Saved entries
# # # # #

(* Let $\Gamma$ be a Hintikka set for $\mathbb{T}_1$. Then there exists $\nu\in\mathcal{F}_{C_1}$ such that $\nu(\varphi)=L$ for every signed formula $\mathsf{L}(\varphi)\in\Gamma$ (where the label $\mathsf{T},\mathsf{t},\mathsf{F}$ corresponds to the value $T,t,F$).
   Context: $\Sigma$ has unary $\neg$ and binary $\wedge,\vee,\to$. $\mathcal{A}_{C_1}$ is the $\Sigma$-multialgebra on $\{F,t,T\}$, $D=\{t,T\}$: $F\tilde\vee F=\{F\}$, $F\tilde\vee T=T\tilde\vee F=T\tilde\vee T=\{T\}$, $x\tilde\vee y=D$ if $t\in\{x,y\}$; $x\tilde\wedge y=\{F\}$ if $F\in\{x,y\}$, $T\tilde\wedge T=\{T\}$, $t\tilde\wedge t=t\tilde\wedge T=T\tilde\wedge t=D$; $\tilde\neg F=\{T\}$, $\tilde\neg t=D$, $\tilde\neg T=\{F\}$; $F\tilde\to F=F\tilde\to T=T\tilde\to T=\{T\}$, $t\tilde\to F=T\tilde\to F=\{F\}$, $x\tilde\to t=D$, $t\tilde\to T=D$. Valuations: maps $\nu$ from formulas to $\{F,t,T\}$ with $\nu(\neg\alpha)\in\tilde\neg\nu(\alpha)$, $\nu(\alpha\#\beta)\in\nu(\alpha)\tilde\#\nu(\beta)$; $\mathcal{F}_{C_1}$ = valuations with $\nu(\alpha)=t\Rightarrow\nu(\alpha\wedge\neg\alpha)=T$. Signed formulas are $\mathsf{L}(\varphi)$ with $\mathsf{L}\in\{\mathsf{T},\mathsf{t},\mathsf{F}\}$. A nonempty set $\Gamma$ of signed formulas is a Hintikka set for $\mathbb{T}_1$ if: (1) $\mathsf{L}(\varphi),\mathsf{L}'(\varphi)\in\Gamma$ imply $\mathsf{L}=\mathsf{L}'$; (2) no $\mathsf{t}(\varphi\wedge\neg\varphi)$ is in $\Gamma$; (3) $\mathsf{T}(\neg\varphi)\in\Gamma\Rightarrow\mathsf{F}(\varphi)\in\Gamma$ or $\mathsf{t}(\varphi)\in\Gamma$; (4) $\mathsf{t}(\neg\varphi)\in\Gamma\Rightarrow\mathsf{t}(\varphi)\in\Gamma$; (5) $\mathsf{F}(\neg\varphi)\in\Gamma\Rightarrow\mathsf{T}(\varphi)\in\Gamma$; (6) $\mathsf{T}(\varphi\wedge\psi)\in\Gamma\Rightarrow$ $\Gamma$ contains $\mathsf{X}(\varphi)$ and $\mathsf{Y}(\psi)$ for some $\mathsf{X},\mathsf{Y}\in\{\mathsf{T},\mathsf{t}\}$; (7) $\mathsf{t}(\varphi\wedge\psi)\in\Gamma\Rightarrow$ $\Gamma$ contains $\mathsf{T}\varphi,\mathsf{t}\psi$, or $\mathsf{t}\varphi,\mathsf{T}\psi$, or $\mathsf{t}\varphi,\mathsf{t}\psi$; (8) $\mathsf{F}(\varphi\wedge\psi)\in\Gamma\Rightarrow\mathsf{F}(\varphi)\in\Gamma$ or $\mathsf{F}(\psi)\in\Gamma$; (9) $\mathsf{T}(\varphi\vee\psi)\in\Gamma\Rightarrow$ one of $\mathsf{T}\varphi,\mathsf{t}\varphi,\mathsf{T}\psi,\mathsf{t}\psi$ is in $\Gamma$; (10) $\mathsf{t}(\varphi\vee\psi)\in\Gamma\Rightarrow\mathsf{t}(\varphi)\in\Gamma$ or $\mathsf{t}(\psi)\in\Gamma$; (11) $\mathsf{F}(\varphi\vee\psi)\in\Gamma\Rightarrow\mathsf{F}(\varphi),\mathsf{F}(\psi)\in\Gamma$; (12) $\mathsf{T}(\varphi\to\psi)\in\Gamma\Rightarrow$ one of $\mathsf{F}\varphi,\mathsf{T}\psi,\mathsf{t}\psi$ is in $\Gamma$; (13) $\mathsf{t}(\varphi\to\psi)\in\Gamma\Rightarrow$ either $\mathsf{t}\varphi,\mathsf{T}\psi\in\Gamma$ or $\mathsf{t}\psi\in\Gamma$; (14) $\mathsf{F}(\varphi\to\psi)\in\Gamma\Rightarrow$ either $\mathsf{T}\varphi,\mathsf{F}\psi\in\Gamma$ or $\mathsf{t}\varphi,\mathsf{F}\psi\in\Gamma$. *)

theory Defs
  imports Main
begin

datatype 'v fm = Var 'v | Neg "'v fm" | Conj "'v fm" "'v fm" | Disj "'v fm" "'v fm" | Imp "'v fm" "'v fm"

datatype tv = Fv | tv | Tv

definition Des :: "tv set" where "Des = {tv, Tv}"

fun mor :: "tv \<Rightarrow> tv \<Rightarrow> tv set" where
  "mor Fv Fv = {Fv}"
| "mor Fv Tv = {Tv}"
| "mor Tv Fv = {Tv}"
| "mor Tv Tv = {Tv}"
| "mor _ _ = Des"

fun mand :: "tv \<Rightarrow> tv \<Rightarrow> tv set" where
  "mand Fv _ = {Fv}"
| "mand _ Fv = {Fv}"
| "mand Tv Tv = {Tv}"
| "mand _ _ = Des"

fun mneg :: "tv \<Rightarrow> tv set" where
  "mneg Fv = {Tv}"
| "mneg tv = Des"
| "mneg Tv = {Fv}"

fun mimp :: "tv \<Rightarrow> tv \<Rightarrow> tv set" where
  "mimp Fv Fv = {Tv}"
| "mimp Fv Tv = {Tv}"
| "mimp Tv Tv = {Tv}"
| "mimp tv Fv = {Fv}"
| "mimp Tv Fv = {Fv}"
| "mimp _ tv = Des"
| "mimp tv Tv = Des"

definition valuation :: "('v fm \<Rightarrow> tv) \<Rightarrow> bool" where
  "valuation \<nu> \<longleftrightarrow>
     (\<forall>a. \<nu> (Neg a) \<in> mneg (\<nu> a)) \<and>
     (\<forall>a b. \<nu> (Conj a b) \<in> mand (\<nu> a) (\<nu> b)) \<and>
     (\<forall>a b. \<nu> (Disj a b) \<in> mor (\<nu> a) (\<nu> b)) \<and>
     (\<forall>a b. \<nu> (Imp a b) \<in> mimp (\<nu> a) (\<nu> b))"

definition FC1 :: "('v fm \<Rightarrow> tv) set" where
  "FC1 = {\<nu>. valuation \<nu> \<and> (\<forall>a. \<nu> a = tv \<longrightarrow> \<nu> (Conj a (Neg a)) = Tv)}"

type_synonym 'v sfm = "tv \<times> 'v fm"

# # # # #

◆ **WORK INSTRUCTIONS**
Search the data above for the word "forall", then gather each line in which it appears.

◆ **ANSWER SECTION**
     (\<forall>a. \<nu> (Neg a) \<in> mneg (\<nu> a)) \<and>
     (\<forall>a b. \<nu> (Conj a b) \<in> mand (\<nu> a) (\<nu> b)) \<and>
     (\<forall>a b. \<nu> (Disj a b) \<in> mor (\<nu> a) (\<nu> b)) \<and>
     (\<forall>a b. \<nu> (Imp a b) \<in> mimp (\<nu> a) (\<nu> b))"
  "FC1 = {\<nu>. valuation \<nu> \<and> (\<forall>a. \<nu> a = tv \<longrightarrow> \<nu> (Conj a (Neg a)) = Tv)}"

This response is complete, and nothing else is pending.